Separate neural dynamics underlying the acquisition of different auditory category structures

Current models of auditory category learning argue for a rigid specialization of hierarchically organized regions that are fine-tuned to extracting and mapping acoustic dimensions to categories. We test a competing hypothesis: the neural dynamics of emerging auditory representations are driven by category structures and learning strategies. We designed a category learning experiment where two groups of learners learned novel auditory categories with identical dimensions but differing category structures: rule-based (RB) and information-integration (II) based categories. Despite similar learning accuracies, strategies and cortico-striatal systems processing feedback differed across structures. Emergent neural representations of category information within an auditory frontotemporal pathway exclusively for the II learning task. In contrast, the RB task yielded neural representations within distributed regions involved in cognitive control that emerged at different time-points of learning. Our results demonstrate that learners neural systems are flexible and show distinct spatiotemporal patterns that are not dimension-specific but reflect underlying category structures.
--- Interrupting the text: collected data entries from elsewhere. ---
(* Let $\mathbb{F}$ be an infinite field. Let $I,J,K,I',J',K'$ be finite sets, $\Phi\subseteq I\times J\times K$, and let $f:I\to I'$, $g:J\to J'$, $h:K\to K'$ be functions. Then $R_s(\Phi)\ge R_s((f\times g\times h)(\Phi))$.
   Context: A tensor over $\mathbb{F}$ is a trilinear form $T=\sum_{i\in I,j\in J,k\in K} t_{i,j,k}x_iy_jz_k$ in formal variables indexed by finite sets $I,J,K$; its support is $\operatorname{supp}(T)=\{(i,j,k): t_{i,j,k}\neq 0\}$. The rank $R(T)$ is the smallest $L$ such that $T$ is a sum of $L$ products $(\sum_i a_ix_i)(\sum_j b_jy_j)(\sum_k c_kz_k)$ of linear forms. For $\Phi\subseteq I\times J\times K$, the support rank is $R_s(\Phi)=\min\{R(T):\operatorname{supp}(T)=\Phi\}$ (over tensors with coefficients in $\mathbb{F}$). *)

theory Defs
  imports Main
begin

text \<open>A tensor over field 'a with index sets I, J, K is represented by its coefficient
  function t :: 'i => 'j => 'k => 'a; only the values on I x J x K are relevant.\<close>

definition tsupp :: "'i set \<Rightarrow> 'j set \<Rightarrow> 'k set \<Rightarrow> ('i \<Rightarrow> 'j \<Rightarrow> 'k \<Rightarrow> 'a::zero) \<Rightarrow> ('i \<times> 'j \<times> 'k) set" where
  "tsupp I J K t = {(i,j,k). i \<in> I \<and> j \<in> J \<and> k \<in> K \<and> t i j k \<noteq> 0}"

definition rank_le :: "'i set \<Rightarrow> 'j set \<Rightarrow> 'k set \<Rightarrow> ('i \<Rightarrow> 'j \<Rightarrow> 'k \<Rightarrow> 'a::comm_ring_1) \<Rightarrow> nat \<Rightarrow> bool" where
  "rank_le I J K t L = (\<exists>(a :: nat \<Rightarrow> 'i \<Rightarrow> 'a) (b :: nat \<Rightarrow> 'j \<Rightarrow> 'a) (c :: nat \<Rightarrow> 'k \<Rightarrow> 'a).
      \<forall>i\<in>I. \<forall>j\<in>J. \<forall>k\<in>K. t i j k = (\<Sum>l<L. a l i * b l j * c l k))"

definition tensor_rank :: "'i set \<Rightarrow> 'j set \<Rightarrow> 'k set \<Rightarrow> ('i \<Rightarrow> 'j \<Rightarrow> 'k \<Rightarrow> 'a::comm_ring_1) \<Rightarrow> nat" where
  "tensor_rank I J K t = (LEAST L. rank_le I J K t L)"

definition support_rank :: "'a::field itself \<Rightarrow> 'i set \<Rightarrow> 'j set \<Rightarrow> 'k set \<Rightarrow> ('i \<times> 'j \<times> 'k) set \<Rightarrow> nat" where
  "support_rank _ I J K \<Phi> =
     (LEAST r. \<exists>t :: 'i \<Rightarrow> 'j \<Rightarrow> 'k \<Rightarrow> 'a. tsupp I J K t = \<Phi> \<and> tensor_rank I J K t = r)"

end

theory Submission
  imports Defs "HOL-Computational_Algebra.Polynomial"
begin
(* Assume (A1)–(A4) and $\eta_x,\eta_z>0$ (see context). Then for all $K\ge1$ there exists $j\in[K]$ such that $$\pi^j\le\sqrt{\frac{2(\Phi^1-\hat\Phi)}{\theta}\left(1+\frac{2(\theta+\tau_z)^2}{K\eta_z\rho}\right)}.$$
   Context: Let $T\ge1$, $[T]=\{1,\dots,T\}$; for $t\in[T]$: $X_t\subseteq\mathbb{R}^{n_t}$, $f_t:\mathbb{R}^{n_t}\to\mathbb{R}$, $A_t\in\mathbb{R}^{m\times n_t}$; $b\in\mathbb{R}^m$; $X=\prod_tX_t$, $A=[A_1\cdots A_T]$, $Ax=\sum_tA_tx_t$, $A_{\neq t}x_{\neq t}=\sum_{s\neq t}A_sx_s$; $\|w\|_M=\sqrt{w^\top Mw}$. Assumptions: (A1) $X_t$ nonempty compact; (A2) $f_t$ is $C^2$; (A3) $A$ full row rank; (A4) $\{x\in X:Ax=b\}\neq\emptyset$. Parameters $\rho,\theta,\tau_x,\tau_z>0$ with $\eta_x:=\frac{\tau_x}{4}-\frac{(T-1)\rho}{2}>0$, $\eta_z:=\frac{\tau_z}{4}-\frac{2(\theta+\tau_z)^2}{\rho}>0$. $\mathcal{L}(x,z,\lambda)=\sum_tf_t(x_t)+\frac{\theta}{2}\|z\|^2+\lambda^\top(Ax+z-b)+\frac{\rho}{2}\|Ax+z-b\|^2$. Jacobi scheme: given $x^0\in X$, $z^0,\lambda^0\in\mathbb{R}^m$, for $k\ge1$: (i) for each $t$, $x_t^k$ is a local minimizer, computed by a solver warm-started at $x_t^{k-1}$ (so that its subproblem objective does not exceed that of $x_t^{k-1}$), of $\min_{x_t\in X_t}f_t(x_t)+(\lambda^{k-1})^\top A_tx_t+\frac{\rho}{2}\|A_tx_t+A_{\neq t}x^{k-1}_{\neq t}+z^{k-1}-b\|^2+\frac{\tau_x}{2}\|x_t-x_t^{k-1}\|^2_{A_t^\top A_t}$; (ii) $z^k=(\tau_zz^{k-1}-\rho(Ax^k-b)-\lambda^{k-1})/(\tau_z+\rho+\theta)$; (iii) $\lambda^k=\lambda^{k-1}+\rho(Ax^k+z^k-b)$. $\Phi(x,z,\lambda,\hat x,\hat z)=\mathcal{L}(x,z,\lambda)+\frac{\tau_z}{4}\|z-\hat z\|^2+\sum_t\frac{\tau_x}{4}\|x_t-\hat x_t\|^2_{A_t^\top A_t}$; $\Phi^1=\Phi(x^1,z^1,\lambda^1,x^0,z^0)$; $\hat\Phi=\min_{x\in X}\sum_tf_t(x_t)$; $\pi^k=\|Ax^k-b\|$. *)

theory Defs
  imports "HOL-Analysis.Analysis"
begin

text \<open>A vector of R^n is represented as a function v :: nat \<Rightarrow> real whose
coordinates are v 0, ..., v (n-1); block vectors of R^(n t) are required to vanish outside
{0..<n t} (the set Rn n below, with the product topology, which is homeomorphic to R^n).
Vectors of R^m (z, lambda, b, A x) are functions nat \<Rightarrow> real of which only the coordinates
i < m matter. The block matrix A_t in R^(m x n t) is given by its entries A t i j
(i < m, j < n t). Blocks are indexed by t in {1..T}.\<close>

definition Rn :: "nat \<Rightarrow> (nat \<Rightarrow> real) set" where
  "Rn n = {v. \<forall>i\<ge>n. v i = 0}"

definition C2_fun :: "nat \<Rightarrow> ((nat \<Rightarrow> real) \<Rightarrow> real) \<Rightarrow> bool" where
  "C2_fun n f \<longleftrightarrow> (\<exists>D1 D2.
     (\<forall>i<n. \<forall>v\<in>Rn n. ((\<lambda>s. f (v(i := s))) has_real_derivative D1 i v) (at (v i))) \<and>
     (\<forall>i<n. \<forall>j<n. \<forall>v\<in>Rn n. ((\<lambda>s. D1 i (v(j := s))) has_real_derivative D2 i j v) (at (v j))) \<and>
     continuous_on (Rn n) f \<and>
     (\<forall>i<n. continuous_on (Rn n) (D1 i)) \<and>
     (\<forall>i<n. \<forall>j<n. continuous_on (Rn n) (D2 i j)))"

definition nsq :: "nat \<Rightarrow> (nat \<Rightarrow> real) \<Rightarrow> real" where
  "nsq m w = (\<Sum>i<m. (w i)\<^sup>2)"

definition ip :: "nat \<Rightarrow> (nat \<Rightarrow> real) \<Rightarrow> (nat \<Rightarrow> real) \<Rightarrow> real" where
  "ip m u w = (\<Sum>i<m. u i * w i)"

definition mv :: "nat \<Rightarrow> (nat \<Rightarrow> nat \<Rightarrow> real) \<Rightarrow> (nat \<Rightarrow> real) \<Rightarrow> (nat \<Rightarrow> real)" where
  "mv nt M v = (\<lambda>i. \<Sum>j<nt. M i j * v j)"

definition Ax :: "nat \<Rightarrow> (nat \<Rightarrow> nat) \<Rightarrow> (nat \<Rightarrow> nat \<Rightarrow> nat \<Rightarrow> real) \<Rightarrow> (nat \<Rightarrow> nat \<Rightarrow> real) \<Rightarrow> (nat \<Rightarrow> real)" where
  "Ax T n A x = (\<lambda>i. \<Sum>t\<in>{1..T}. mv (n t) (A t) (x t) i)"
SignificanceWhether it is an alarm signifying danger or the characteristics of background noise, humans are capable of rapid auditory learning. Extant models posit that novel auditory representations emerge in the superior temporal gyrus, a region specialized for extracting behaviorally relevant auditory dimensions and transformed onto decisions via the dorsal auditory stream. Using a computational cognitive neuroscience approach, we offer an alternative viewpoint: emergent auditory representations are highly flexible, showing distinct spatial and temporal trajectories that reflect different category structures.